## EXERCISE DATA
(* Let $H_1\in\mathbb{F}_2^{r_1\times n_1}$ and $H_2\in\mathbb{F}_2^{r_2\times n_2}$ be arbitrary binary matrices (rows may be linearly dependent), and let $\mathcal{Q}$ be the hypergraph product code of $H_1$ and $H_2$ on $n=n_1n_2+r_1r_2$ qubits, with $X$-check matrix $H_X=\big(H_1\otimes I_{n_2}\ \big|\ I_{r_1}\otimes H_2^T\big)$ and $Z$-check matrix $H_Z=\big(I_{n_1}\otimes H_2\ \big|\ H_1^T\otimes I_{r_2}\big)$. Let $d$ be the distance of $\mathcal{Q}$. Suppose every row of $H_Z$ and of $H_X$ is measured with its own ancilla qubit by a sequence of two-qubit gates applied in an arbitrary order to the qubits in its support. Then, for every choice of these orders, the effective distance of $\mathcal{Q}$ is also $d$.
   Context: Vectors in $\mathbb{F}_2^{n}$ are indexed so that the first $n_1n_2$ coordinates correspond to "bit-type" qubits (indexed by pairs of a column of $H_1$ and a column of $H_2$) and the last $r_1r_2$ to "check-type" qubits (indexed by pairs of a row of $H_1$ and a row of $H_2$). Each row of $H_X$ (resp. $H_Z$) defines an $X$-type (resp. $Z$-type) stabilizer generator acting as $X$ (resp. $Z$) on the qubits where the row is $1$; these commute since $H_XH_Z^T=0$. The distance $d$ is the minimum Hamming weight of a vector in $\big(\ker H_X\setminus \mathrm{Im}\,H_Z^T\big)\cup\big(\ker H_Z\setminus \mathrm{Im}\,H_X^T\big)$ (i.e. of a nontrivial logical $Z$ or $X$ operator), with $d=\infty$ if this set is empty. Fault model: a fault is either (i) a single-qubit Pauli error on a data qubit, or (ii) an error on the ancilla during the measurement of one stabilizer generator, which propagates to the data qubits: an ancilla error during the measurement of a $Z$-type (resp. $X$-type) generator with support $S$ produces a $Z$ (resp. $X$) error on a subset of $S$ (the possible subsets depend on the gate order; the analysis allows any subset of $S$). A $Y$ error on an ancilla propagates as either an $X$- or a $Z$-type error, so it is covered by (ii). The resulting data-qubit error is the product of the errors produced by all faults. The effective distance (for the given code and measurement circuits) is the minimum number of faults whose resulting data-qubit error is an undetectable logical error, i.e. its $X$-part lies in $\ker H_Z\setminus\mathrm{Im}\,H_X^T$ or its $Z$-part lies in $\ker H_X\setminus\mathrm{Im}\,H_Z^T$, while it commutes with all stabilizers. *)

theory Defs
  imports Main "HOL-Library.Extended_Nat"
begin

## ACTIVITY
Output all the lines above. Keep each one exact.

## OUTPUT FOR THIS EXERCISE
(* Let $H_1\in\mathbb{F}_2^{r_1\times n_1}$ and $H_2\in\mathbb{F}_2^{r_2\times n_2}$ be arbitrary binary matrices (rows may be linearly dependent), and let $\mathcal{Q}$ be the hypergraph product code of $H_1$ and $H_2$ on $n=n_1n_2+r_1r_2$ qubits, with $X$-check matrix $H_X=\big(H_1\otimes I_{n_2}\ \big|\ I_{r_1}\otimes H_2^T\big)$ and $Z$-check matrix $H_Z=\big(I_{n_1}\otimes H_2\ \big|\ H_1^T\otimes I_{r_2}\big)$. Let $d$ be the distance of $\mathcal{Q}$. Suppose every row of $H_Z$ and of $H_X$ is measured with its own ancilla qubit by a sequence of two-qubit gates applied in an arbitrary order to the qubits in its support. Then, for every choice of these orders, the effective distance of $\mathcal{Q}$ is also $d$.
   Context: Vectors in $\mathbb{F}_2^{n}$ are indexed so that the first $n_1n_2$ coordinates correspond to "bit-type" qubits (indexed by pairs of a column of $H_1$ and a column of $H_2$) and the last $r_1r_2$ to "check-type" qubits (indexed by pairs of a row of $H_1$ and a row of $H_2$). Each row of $H_X$ (resp. $H_Z$) defines an $X$-type (resp. $Z$-type) stabilizer generator acting as $X$ (resp. $Z$) on the qubits where the row is $1$; these commute since $H_XH_Z^T=0$. The distance $d$ is the minimum Hamming weight of a vector in $\big(\ker H_X\setminus \mathrm{Im}\,H_Z^T\big)\cup\big(\ker H_Z\setminus \mathrm{Im}\,H_X^T\big)$ (i.e. of a nontrivial logical $Z$ or $X$ operator), with $d=\infty$ if this set is empty. Fault model: a fault is either (i) a single-qubit Pauli error on a data qubit, or (ii) an error on the ancilla during the measurement of one stabilizer generator, which propagates to the data qubits: an ancilla error during the measurement of a $Z$-type (resp. $X$-type) generator with support $S$ produces a $Z$ (resp. $X$) error on a subset of $S$ (the possible subsets depend on the gate order; the analysis allows any subset of $S$). A $Y$ error on an ancilla propagates as either an $X$- or a $Z$-type error, so it is covered by (ii). The resulting data-qubit error is the product of the errors produced by all faults. The effective distance (for the given code and measurement circuits) is the minimum number of faults whose resulting data-qubit error is an undetectable logical error, i.e. its $X$-part lies in $\ker H_Z\setminus\mathrm{Im}\,H_X^T$ or its $Z$-part lies in $\ker H_X\setminus\mathrm{Im}\,H_Z^T$, while it commutes with all stabilizers. *)

theory Defs
  imports Main "HOL-Library.Extended_Nat"
begin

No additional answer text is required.